Work to be completed:
Every line of the records below should be restated exactly.
START Input for this task
lemma exists_red_eq_with_set:
  assumes "\<sigma> \<in> perms m" "finite X" "card X = m"
  obtains s' where "red_eq s' \<sigma>" "set s' = X"
proof -
  obtain l where l: "sorted_wrt (<) l" "set l = X" "length l = m"
    using finite_set_strict_sorted[OF assms(2)] assms(3) by blast
  have \<sigma>: "length \<sigma> = m" "distinct \<sigma>" "set \<sigma> = {1..m}"
    using assms(1) by (simp_all add: length_perms perms_def)
  define s' where "s' = map (\<lambda>x. l ! (x - 1)) \<sigma>"
  have order: "s' ! a < s' ! b \<longleftrightarrow> \<sigma> ! a < \<sigma> ! b" if "a < m" "b < m" for a b
  proof -
    have "\<sigma> ! a \<in> {1..m}" "\<sigma> ! b \<in> {1..m}"
      using that \<sigma> nth_mem by blast+
    then have "\<sigma> ! a - 1 < length l" "\<sigma> ! b - 1 < length l"
      using l(3) by auto
    from strict_sorted_nth_less_iff[OF l(1) this] show ?thesis
      using that \<sigma>(1) \<open>\<sigma> ! a \<in> {1..m}\<close> \<open>\<sigma> ! b \<in> {1..m}\<close> by (auto simp: s'_def)
  qed
  have "distinct s'"
  proof (subst distinct_conv_nth, intro allI impI)
    fix a b
    assume "a < length s'" "b < length s'" "a \<noteq> b"
    then have "\<sigma> ! a \<noteq> \<sigma> ! b" using \<sigma> by (simp add: s'_def nth_eq_iff_index_eq)
    then show "s' ! a \<noteq> s' ! b"
      using order \<open>a < length s'\<close> \<open>b < length s'\<close> \<sigma>(1)
      by (metis length_map linorder_neq_iff order_less_irrefl s'_def)
  qed
  moreover have "set s' = X"
  proof -
    have "set s' = (\<lambda>x. l ! (x - 1)) ` {1..m}" using \<sigma> by (simp add: s'_def)
    also have "\<dots> = (!) l ` {..<m}"
    proof
      show "(\<lambda>x. l ! (x - 1)) ` {1..m} \<subseteq> (!) l ` {..<m}" by auto
      show "(!) l ` {..<m} \<subseteq> (\<lambda>x. l ! (x - 1)) ` {1..m}"
      proof
        fix y
        assume "y \<in> (!) l ` {..<m}"
        then obtain i where "i < m" "y = l ! i" by auto
        then show "y \<in> (\<lambda>x. l ! (x - 1)) ` {1..m}" by (intro image_eqI[where x = "Suc i"]) auto
      qed
    qed
    also have "\<dots> = X" using l by (auto simp: in_set_conv_nth)
    finally show ?thesis .
  qed
  moreover have "length s' = length \<sigma>" by (simp add: s'_def)
  ultimately have "red_eq s' \<sigma>"
    using order \<sigma>(1) by (simp add: red_eq_def)
  then show ?thesis using \<open>set s' = X\<close> by (rule that)
qed

lemma count_list_True_add_False: "count_list p True + count_list p False = length p"
  by (induction p) auto

lemma image_Suc_Suc_lessThan: "(\<lambda>i. Suc (Suc i)) ` {..<n} = {2..n + 1}"
proof
  show "{2..n + 1} \<subseteq> (\<lambda>i. Suc (Suc i)) ` {..<n}"
  proof
    fix x
    assume "x \<in> {2..n + 1}"
    then show "x \<in> (\<lambda>i. Suc (Suc i)) ` {..<n}" by (intro image_eqI[where x = "x - 2"]) auto
  qed
qed auto

lemma exists_split_with_left_pattern:
  assumes \<sigma>: "\<sigma> \<in> perms j" and \<tau>: "\<tau> \<in> perms k" and p: "p \<in> bool_words j k"
  obtains s' t' where "red_eq s' \<sigma>" "red_eq t' \<tau>" "s' @ [1] @ t' \<in> perms (j + k + 1)"
    "left_pattern j k (s' @ [1] @ t') = p"
proof -
  have counts: "count_list p True = j" "count_list p False = k"
    using p by (simp_all add: bool_words_def)
  then have "length p = j + k"
    using count_list_True_add_False[of p] by simp
  define A where "A = (\<lambda>i. Suc (Suc i)) ` {i. i < j + k \<and> p ! i}"
  define B where "B = (\<lambda>i. Suc (Suc i)) ` {i. i < j + k \<and> \<not> p ! i}"
  have "card A = j" "card B = k"
    using count_list_take[of "length p" p] counts \<open>length p = j + k\<close>
    by (simp_all add: A_def B_def card_image inj_on_def)
  moreover have "finite A" "finite B"
    by (simp_all add: A_def B_def)
  ultimately obtain s' t' where s': "red_eq s' \<sigma>" "set s' = A" and t': "red_eq t' \<tau>" "set t' = B"
    by (metis exists_red_eq_with_set[OF \<sigma>] exists_red_eq_with_set[OF \<tau>])
  have "distinct s'" "distinct t'"
    using s' t' by (simp_all add: red_eq_def)
  moreover have "A \<inter> B = {}" "1 \<notin> A \<union> B"
    unfolding A_def B_def by auto
  moreover have "A \<union> B = (\<lambda>i. Suc (Suc i)) ` {..<j + k}"
    unfolding A_def B_def by auto
  then have "insert 1 (A \<union> B) = {1..j + k + 1}"
    by (auto simp: image_Suc_Suc_lessThan)
  ultimately have "s' @ [1] @ t' \<in> perms (j + k + 1)"
    unfolding perms_def using s'(2) t'(2) by (auto simp flip: \<open>insert 1 (A \<union> B) = {1..j + k + 1}\<close>)
  moreover have "left_pattern j k (s' @ [1] @ t') = p"
  proof (rule nth_equalityI)
    show "length (left_pattern j k (s' @ [1] @ t')) = length p"
      using \<open>length p = j + k\<close> by simp
    fix i
    assume "i < length (left_pattern j k (s' @ [1] @ t'))"
    then have "i < j + k" by simp
    moreover have "length s' = j" using s'(1) length_perms[OF \<sigma>] by (simp add: red_eq_def)
    ultimately show "left_pattern j k (s' @ [1] @ t') ! i = p ! i"
      using s'(2) by (auto simp: left_pattern_def A_def)
  qed
  ultimately show ?thesis using s'(1) t'(1) that by blast
qed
END Input for this task
Reply:
lemma exists_red_eq_with_set:
  assumes "\<sigma> \<in> perms m" "finite X" "card X = m"
  obtains s' where "red_eq s' \<sigma>" "set s' = X"
proof -
  obtain l where l: "sorted_wrt (<) l" "set l = X" "length l = m"
    using finite_set_strict_sorted[OF assms(2)] assms(3) by blast
  have \<sigma>: "length \<sigma> = m" "distinct \<sigma>" "set \<sigma> = {1..m}"
    using assms(1) by (simp_all add: length_perms perms_def)
  define s' where "s' = map (\<lambda>x. l ! (x - 1)) \<sigma>"
  have order: "s' ! a < s' ! b \<longleftrightarrow> \<sigma> ! a < \<sigma> ! b" if "a < m" "b < m" for a b
  proof -
    have "\<sigma> ! a \<in> {1..m}" "\<sigma> ! b \<in> {1..m}"
      using that \<sigma> nth_mem by blast+
    then have "\<sigma> ! a - 1 < length l" "\<sigma> ! b - 1 < length l"
      using l(3) by auto
    from strict_sorted_nth_less_iff[OF l(1) this] show ?thesis
      using that \<sigma>(1) \<open>\<sigma> ! a \<in> {1..m}\<close> \<open>\<sigma> ! b \<in> {1..m}\<close> by (auto simp: s'_def)
  qed
  have "distinct s'"
  proof (subst distinct_conv_nth, intro allI impI)
    fix a b
    assume "a < length s'" "b < length s'" "a \<noteq> b"
    then have "\<sigma> ! a \<noteq> \<sigma> ! b" using \<sigma> by (simp add: s'_def nth_eq_iff_index_eq)
    then show "s' ! a \<noteq> s' ! b"
      using order \<open>a < length s'\<close> \<open>b < length s'\<close> \<sigma>(1)
      by (metis length_map linorder_neq_iff order_less_irrefl s'_def)
  qed
  moreover have "set s' = X"
  proof -
    have "set s' = (\<lambda>x. l ! (x - 1)) ` {1..m}" using \<sigma> by (simp add: s'_def)
    also have "\<dots> = (!) l ` {..<m}"
    proof
      show "(\<lambda>x. l ! (x - 1)) ` {1..m} \<subseteq> (!) l ` {..<m}" by auto
      show "(!) l ` {..<m} \<subseteq> (\<lambda>x. l ! (x - 1)) ` {1..m}"
      proof
        fix y
        assume "y \<in> (!) l ` {..<m}"
        then obtain i where "i < m" "y = l ! i" by auto
        then show "y \<in> (\<lambda>x. l ! (x - 1)) ` {1..m}" by (intro image_eqI[where x = "Suc i"]) auto
      qed
    qed
    also have "\<dots> = X" using l by (auto simp: in_set_conv_nth)
    finally show ?thesis .
  qed
  moreover have "length s' = length \<sigma>" by (simp add: s'_def)
  ultimately have "red_eq s' \<sigma>"
    using order \<sigma>(1) by (simp add: red_eq_def)
  then show ?thesis using \<open>set s' = X\<close> by (rule that)
qed

lemma count_list_True_add_False: "count_list p True + count_list p False = length p"
  by (induction p) auto

lemma image_Suc_Suc_lessThan: "(\<lambda>i. Suc (Suc i)) ` {..<n} = {2..n + 1}"
proof
  show "{2..n + 1} \<subseteq> (\<lambda>i. Suc (Suc i)) ` {..<n}"
  proof
    fix x
    assume "x \<in> {2..n + 1}"
    then show "x \<in> (\<lambda>i. Suc (Suc i)) ` {..<n}" by (intro image_eqI[where x = "x - 2"]) auto
  qed
qed auto

lemma exists_split_with_left_pattern:
  assumes \<sigma>: "\<sigma> \<in> perms j" and \<tau>: "\<tau> \<in> perms k" and p: "p \<in> bool_words j k"
  obtains s' t' where "red_eq s' \<sigma>" "red_eq t' \<tau>" "s' @ [1] @ t' \<in> perms (j + k + 1)"
    "left_pattern j k (s' @ [1] @ t') = p"
proof -
  have counts: "count_list p True = j" "count_list p False = k"
    using p by (simp_all add: bool_words_def)
  then have "length p = j + k"
    using count_list_True_add_False[of p] by simp
  define A where "A = (\<lambda>i. Suc (Suc i)) ` {i. i < j + k \<and> p ! i}"
  define B where "B = (\<lambda>i. Suc (Suc i)) ` {i. i < j + k \<and> \<not> p ! i}"
  have "card A = j" "card B = k"
    using count_list_take[of "length p" p] counts \<open>length p = j + k\<close>
    by (simp_all add: A_def B_def card_image inj_on_def)
  moreover have "finite A" "finite B"
    by (simp_all add: A_def B_def)
  ultimately obtain s' t' where s': "red_eq s' \<sigma>" "set s' = A" and t': "red_eq t' \<tau>" "set t' = B"
    by (metis exists_red_eq_with_set[OF \<sigma>] exists_red_eq_with_set[OF \<tau>])
  have "distinct s'" "distinct t'"
    using s' t' by (simp_all add: red_eq_def)
  moreover have "A \<inter> B = {}" "1 \<notin> A \<union> B"
    unfolding A_def B_def by auto
  moreover have "A \<union> B = (\<lambda>i. Suc (Suc i)) ` {..<j + k}"
    unfolding A_def B_def by auto
  then have "insert 1 (A \<union> B) = {1..j + k + 1}"
    by (auto simp: image_Suc_Suc_lessThan)
  ultimately have "s' @ [1] @ t' \<in> perms (j + k + 1)"
    unfolding perms_def using s'(2) t'(2) by (auto simp flip: \<open>insert 1 (A \<union> B) = {1..j + k + 1}\<close>)
  moreover have "left_pattern j k (s' @ [1] @ t') = p"
  proof (rule nth_equalityI)
    show "length (left_pattern j k (s' @ [1] @ t')) = length p"
      using \<open>length p = j + k\<close> by simp
    fix i
    assume "i < length (left_pattern j k (s' @ [1] @ t'))"
    then have "i < j + k" by simp
    moreover have "length s' = j" using s'(1) length_perms[OF \<sigma>] by (simp add: red_eq_def)
    ultimately show "left_pattern j k (s' @ [1] @ t') ! i = p ! i"
      using s'(2) by (auto simp: left_pattern_def A_def)
  qed
  ultimately show ?thesis using s'(1) t'(1) that by blast
qed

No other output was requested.